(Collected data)
BEGIN
(* For every prime $p$ there exist $\varepsilon(p),\delta(p)\in(0,\infty)$ such that the following holds. Let $n\geq p^2$ be an integer and let $\varepsilon<\varepsilon(p)$. Then every $(C,\mathbf 1,\mathbb{F}_p^n,\varepsilon)$-arithmetic expander, where $C$ is the $p$-term arithmetic progression matrix, has size at least $\delta(p)\,n^{p-1}$. Concretely: if $D\subseteq\mathbb{F}_p^n$ is a multiset with $\lambda_{L_{\mathbb{F}_p^n}}(L_D)\leq\varepsilon$, then $|D|\geq\delta(p)\,n^{p-1}$ (with $|D|$ counted with multiplicity).
   Context: For a $t$-linear form $A$ on $\mathbb{R}^V$ and $r\in[1,\infty]$ let $\|A\|_{\ell_r,\dots,\ell_r}=\sup\{A(x[1],\dots,x[t])/(\|x[1]\|_{\ell_r}\cdots\|x[t]\|_{\ell_r}) : x[1],\dots,x[t]\in\mathbb{R}^V\setminus\{0\}\}$. For a nonempty multiset $D\subseteq\mathbb{F}_p^n$, let $L_D$ be the $p$-uniform hypergraph on vertex set $\mathbb{F}_p^n$ in which the multiplicity of the edge $\{u_1,\dots,u_p\}$ is $e_{L_D}(u_1,\dots,u_p)=\sum_{y\in D}\sum_{x\in\mathbb{F}_p^n}\sum_{\sigma\in S_p}\prod_{i=1}^p 1[u_i=x+(\sigma(i)-1)y]$ (sum over $D$ with multiplicity, $S_p$ the permutations of $\{1,\dots,p\}$). Its normalized adjacency form $A_{L_D}$ is the $p$-linear form on $\mathbb{R}^{\mathbb{F}_p^n}$ determined by $A_{L_D}(1_{\{u_1\}},\dots,1_{\{u_p\}})=e_{L_D}(u_1,\dots,u_p)/(p!\,|D|)$. For hypergraphs $H,K$ of this type set $\lambda_K(H)=\|A_H-A_K\|_{\ell_p,\dots,\ell_p}$. $L_{\mathbb{F}_p^n}$ denotes $L_D$ with $D=\mathbb{F}_p^n$ (every element once). The AP matrix $C\in\mathbb{Z}^{(p-2)\times p}$ has rows $(0,\dots,0,1,-2,1,0,\dots,0)$; its solution set in $(\mathbb{F}_p^n)^p$ consists of the $p$-term progressions $(x,x+y,\dots,x+(p-1)y)$, which are the cosets of the diagonal $\{(u,\dots,u)\}$ with representatives $(0,y,2y,\dots,(p-1)y)$; a $(C,\mathbf 1,\mathbb{F}_p^n,\varepsilon)$-arithmetic expander is a multiset of such representatives, i.e. indexed by a multiset $D$ of steps $y$, such that $\lambda_{L_{\mathbb{F}_p^n}}(L_D)\leq\varepsilon$; its size is $|D|$. *)

theory Defs
  imports Complex_Main "HOL-Computational_Algebra.Primes" "HOL-Library.Multiset" "HOL-Library.FuncSet" "HOL-Combinatorics.Permutations"
begin

definition Fpn :: "nat \<Rightarrow> nat \<Rightarrow> (nat \<Rightarrow> nat) set" where
  "Fpn p n = {x. (\<forall>j<n. x j < p) \<and> (\<forall>j\<ge>n. x j = 0)}"

definition ap_point :: "nat \<Rightarrow> (nat \<Rightarrow> nat) \<Rightarrow> nat \<Rightarrow> (nat \<Rightarrow> nat) \<Rightarrow> (nat \<Rightarrow> nat)" where
  "ap_point p x k y = (\<lambda>j. (x j + k * y j) mod p)"

text \<open>Edge multiplicity e_{L_D}(u_0,...,u_{p-1}) (0-indexed: u i corresponds to u_{i+1},
  and a permutation sigma of {0..<p} corresponds to sigma(i+1)-1).\<close>
definition edge_mult :: "nat \<Rightarrow> nat \<Rightarrow> (nat \<Rightarrow> nat) multiset \<Rightarrow> (nat \<Rightarrow> (nat \<Rightarrow> nat)) \<Rightarrow> real" where
  "edge_mult p n D u =
     (\<Sum>y\<in>#D. \<Sum>x\<in>Fpn p n. \<Sum>\<sigma>\<in>{\<sigma>. \<sigma> permutes {0..<p}}.
        \<Prod>i<p. (if u i = ap_point p x (\<sigma> i) y then 1 else 0))"

definition adj_form :: "nat \<Rightarrow> nat \<Rightarrow> (nat \<Rightarrow> nat) multiset \<Rightarrow> (nat \<Rightarrow> (nat \<Rightarrow> nat) \<Rightarrow> real) \<Rightarrow> real" where
  "adj_form p n D f =
     (\<Sum>u\<in>{0..<p} \<rightarrow>\<^sub>E Fpn p n.
        edge_mult p n D u / (fact p * real (size D)) * (\<Prod>i<p. f i (u i)))"

definition lr_norm :: "nat \<Rightarrow> nat \<Rightarrow> real \<Rightarrow> ((nat \<Rightarrow> nat) \<Rightarrow> real) \<Rightarrow> real" where
  "lr_norm p n r g = (\<Sum>v\<in>Fpn p n. \<bar>g v\<bar> powr r) powr (1 / r)"

definition form_norm :: "nat \<Rightarrow> nat \<Rightarrow> ((nat \<Rightarrow> (nat \<Rightarrow> nat) \<Rightarrow> real) \<Rightarrow> real) \<Rightarrow> real" where
  "form_norm p n A =
     (SUP f\<in>{f. \<forall>i<p. \<exists>v\<in>Fpn p n. f i v \<noteq> 0}.
        A f / (\<Prod>i<p. lr_norm p n (real p) (f i)))"

definition lambda_AP :: "nat \<Rightarrow> nat \<Rightarrow> (nat \<Rightarrow> nat) multiset \<Rightarrow> real" where
  "lambda_AP p n D =
     form_norm p n (\<lambda>f. adj_form p n D f - adj_form p n (mset_set (Fpn p n)) f)"

end

theory Submission
  imports Defs "HOL-Number_Theory.Number_Theory"
begin

text \<open>If \<open>|D| < binomial n (p - 1)\<close>, a pigeonhole argument on coefficient vectors gives a
  multilinear polynomial \<open>P\<close> of degree \<open>p - 1\<close>, with a coefficient not divisible by \<open>p\<close>,
  that vanishes mod \<open>p\<close> at every step \<open>y \<in> D\<close>. Since \<open>\<Sum>k<p. k^m\<close> is \<open>0\<close> mod \<open>p\<close> for
  \<open>m < p - 1\<close> and \<open>-1\<close> for \<open>m = p - 1\<close>, the values of \<open>P\<close> along any progression with step
  \<open>y\<close> sum to \<open>-P(y)\<close> mod \<open>p\<close>. Colour each point by \<open>P\<close> mod \<open>p\<close>. No progression with step
  in \<open>D\<close>, in any order, shows a colour pattern \<open>a\<close> with \<open>\<Sum>a \<noteq> 0\<close>; but at least a
  \<open>p^-(p-1)\<close> fraction of all steps has \<open>P(y) \<noteq> 0\<close>, so some such pattern is shown by at
  least \<open>p^(2n) / p^(2p-1)\<close> progressions. Testing both forms on the colour classes of that
  pattern gives \<open>\<lambda> \<ge> 1 / (p! p^(2p-1))\<close>.\<close>

definition coord_box :: "nat set \<Rightarrow> nat \<Rightarrow> (nat \<Rightarrow> nat) \<Rightarrow> (nat \<Rightarrow> nat) set" where
  "coord_box J p c = {x. (\<forall>j\<in>J. x j < p) \<and> (\<forall>j. j \<notin> J \<longrightarrow> x j = c j)}"

lemma bij_betw_restrict_coord_box:
  "bij_betw (\<lambda>x. restrict x J) (coord_box J p c) (J \<rightarrow>\<^sub>E {..<p})"
proof (rule bij_betw_imageI)
  show "inj_on (\<lambda>x. restrict x J) (coord_box J p c)"
  proof (rule inj_onI, rule ext)
    fix x y j assume x: "x \<in> coord_box J p c" and y: "y \<in> coord_box J p c"
      and eq: "restrict x J = restrict y J"
    show "x j = y j"
    proof (cases "j \<in> J")
      case True
      then show ?thesis using fun_cong[OF eq, of j] by simp
    next
      case False
      then show ?thesis using x y by (simp add: coord_box_def)
    qed
  qed
  show "(\<lambda>x. restrict x J) ` coord_box J p c = J \<rightarrow>\<^sub>E {..<p}"
  proof (intro equalityI subsetI)
    fix g assume g: "g \<in> J \<rightarrow>\<^sub>E {..<p}"
    let ?x = "\<lambda>j. if j \<in> J then g j else c j"
    have "restrict ?x J = g"
    proof
      fix j show "restrict ?x J j = g j" using PiE_arb[OF g] by (cases "j \<in> J") simp_all
    qed
    moreover have "?x \<in> coord_box J p c" using g by (auto simp: coord_box_def)
    ultimately show "g \<in> (\<lambda>x. restrict x J) ` coord_box J p c" by (rule image_eqI[OF sym])
  next
    fix g assume "g \<in> (\<lambda>x. restrict x J) ` coord_box J p c"
    then show "g \<in> J \<rightarrow>\<^sub>E {..<p}" by (auto simp: coord_box_def)
  qed
qed
(* In the Standing Setting, let $(p,B)$ be a flag with $p=(\alpha,\beta)$, let $c$ be the number of points of $B$ whose first coordinate is $\alpha$, and $d$ the number of points of $B$ whose second coordinate is $\beta$ (both counts include $p$). Then $k=\frac{(c+d-2)(\omega+1)}{2}+1$.
   Context: Standing Setting: $\mathcal{D}=(\Omega,\mathcal{B})$ is a non-trivial $2$-$(v,k,\lambda)$ design (every two distinct points in exactly $\lambda$ blocks, blocks of size $k$, $2<k<v$) with $b$ blocks and replication number $r$, satisfying $\lambda\ge (r,\lambda)^2$. $G\le\mathrm{Aut}(\mathcal{D})$ is flag-transitive (transitive on pairs $(p,B)$ with $p\in B\in\mathcal{B}$). Moreover $\Omega=\Delta\times\Delta$ with $|\Delta|=\omega\ge 5$ odd, so $v=\omega^2$, and $T\times T\trianglelefteq G\le T_0\wr \mathbb{Z}_2$ acting in product action (the $\mathbb{Z}_2$ interchanging the two coordinates), where $T_0\le\mathrm{Sym}(\Delta)$ is $2$-transitive with nonabelian simple socle $T$; $G$ has rank $3$ on $\Omega$. *)

theory Defs
  imports "HOL-Algebra.Algebra"
begin

text \<open>A permutation group on a set S is a subgroup of BijGroup S; the subgroup
  with carrier H is the group (BijGroup S)(carrier := H).\<close>

definition minimal_normal :: "('g, 'b) monoid_scheme \<Rightarrow> 'g set \<Rightarrow> bool" where
  "minimal_normal H N \<longleftrightarrow> N \<lhd> H \<and> N \<noteq> {\<one>\<^bsub>H\<^esub>} \<and>
     (\<forall>M. M \<lhd> H \<and> M \<subseteq> N \<longrightarrow> M = {\<one>\<^bsub>H\<^esub>} \<or> M = N)"

definition socle :: "('g, 'b) monoid_scheme \<Rightarrow> 'g set" where
  "socle H = generate H (\<Union>{N. minimal_normal H N})"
END
▶ **What the task requires**
Examine the records and pull out every line where the string "omega" occurs.

▶ **Completed task**
(* In the Standing Setting, let $(p,B)$ be a flag with $p=(\alpha,\beta)$, let $c$ be the number of points of $B$ whose first coordinate is $\alpha$, and $d$ the number of points of $B$ whose second coordinate is $\beta$ (both counts include $p$). Then $k=\frac{(c+d-2)(\omega+1)}{2}+1$.
   Context: Standing Setting: $\mathcal{D}=(\Omega,\mathcal{B})$ is a non-trivial $2$-$(v,k,\lambda)$ design (every two distinct points in exactly $\lambda$ blocks, blocks of size $k$, $2<k<v$) with $b$ blocks and replication number $r$, satisfying $\lambda\ge (r,\lambda)^2$. $G\le\mathrm{Aut}(\mathcal{D})$ is flag-transitive (transitive on pairs $(p,B)$ with $p\in B\in\mathcal{B}$). Moreover $\Omega=\Delta\times\Delta$ with $|\Delta|=\omega\ge 5$ odd, so $v=\omega^2$, and $T\times T\trianglelefteq G\le T_0\wr \mathbb{Z}_2$ acting in product action (the $\mathbb{Z}_2$ interchanging the two coordinates), where $T_0\le\mathrm{Sym}(\Delta)$ is $2$-transitive with nonabelian simple socle $T$; $G$ has rank $3$ on $\Omega$. *)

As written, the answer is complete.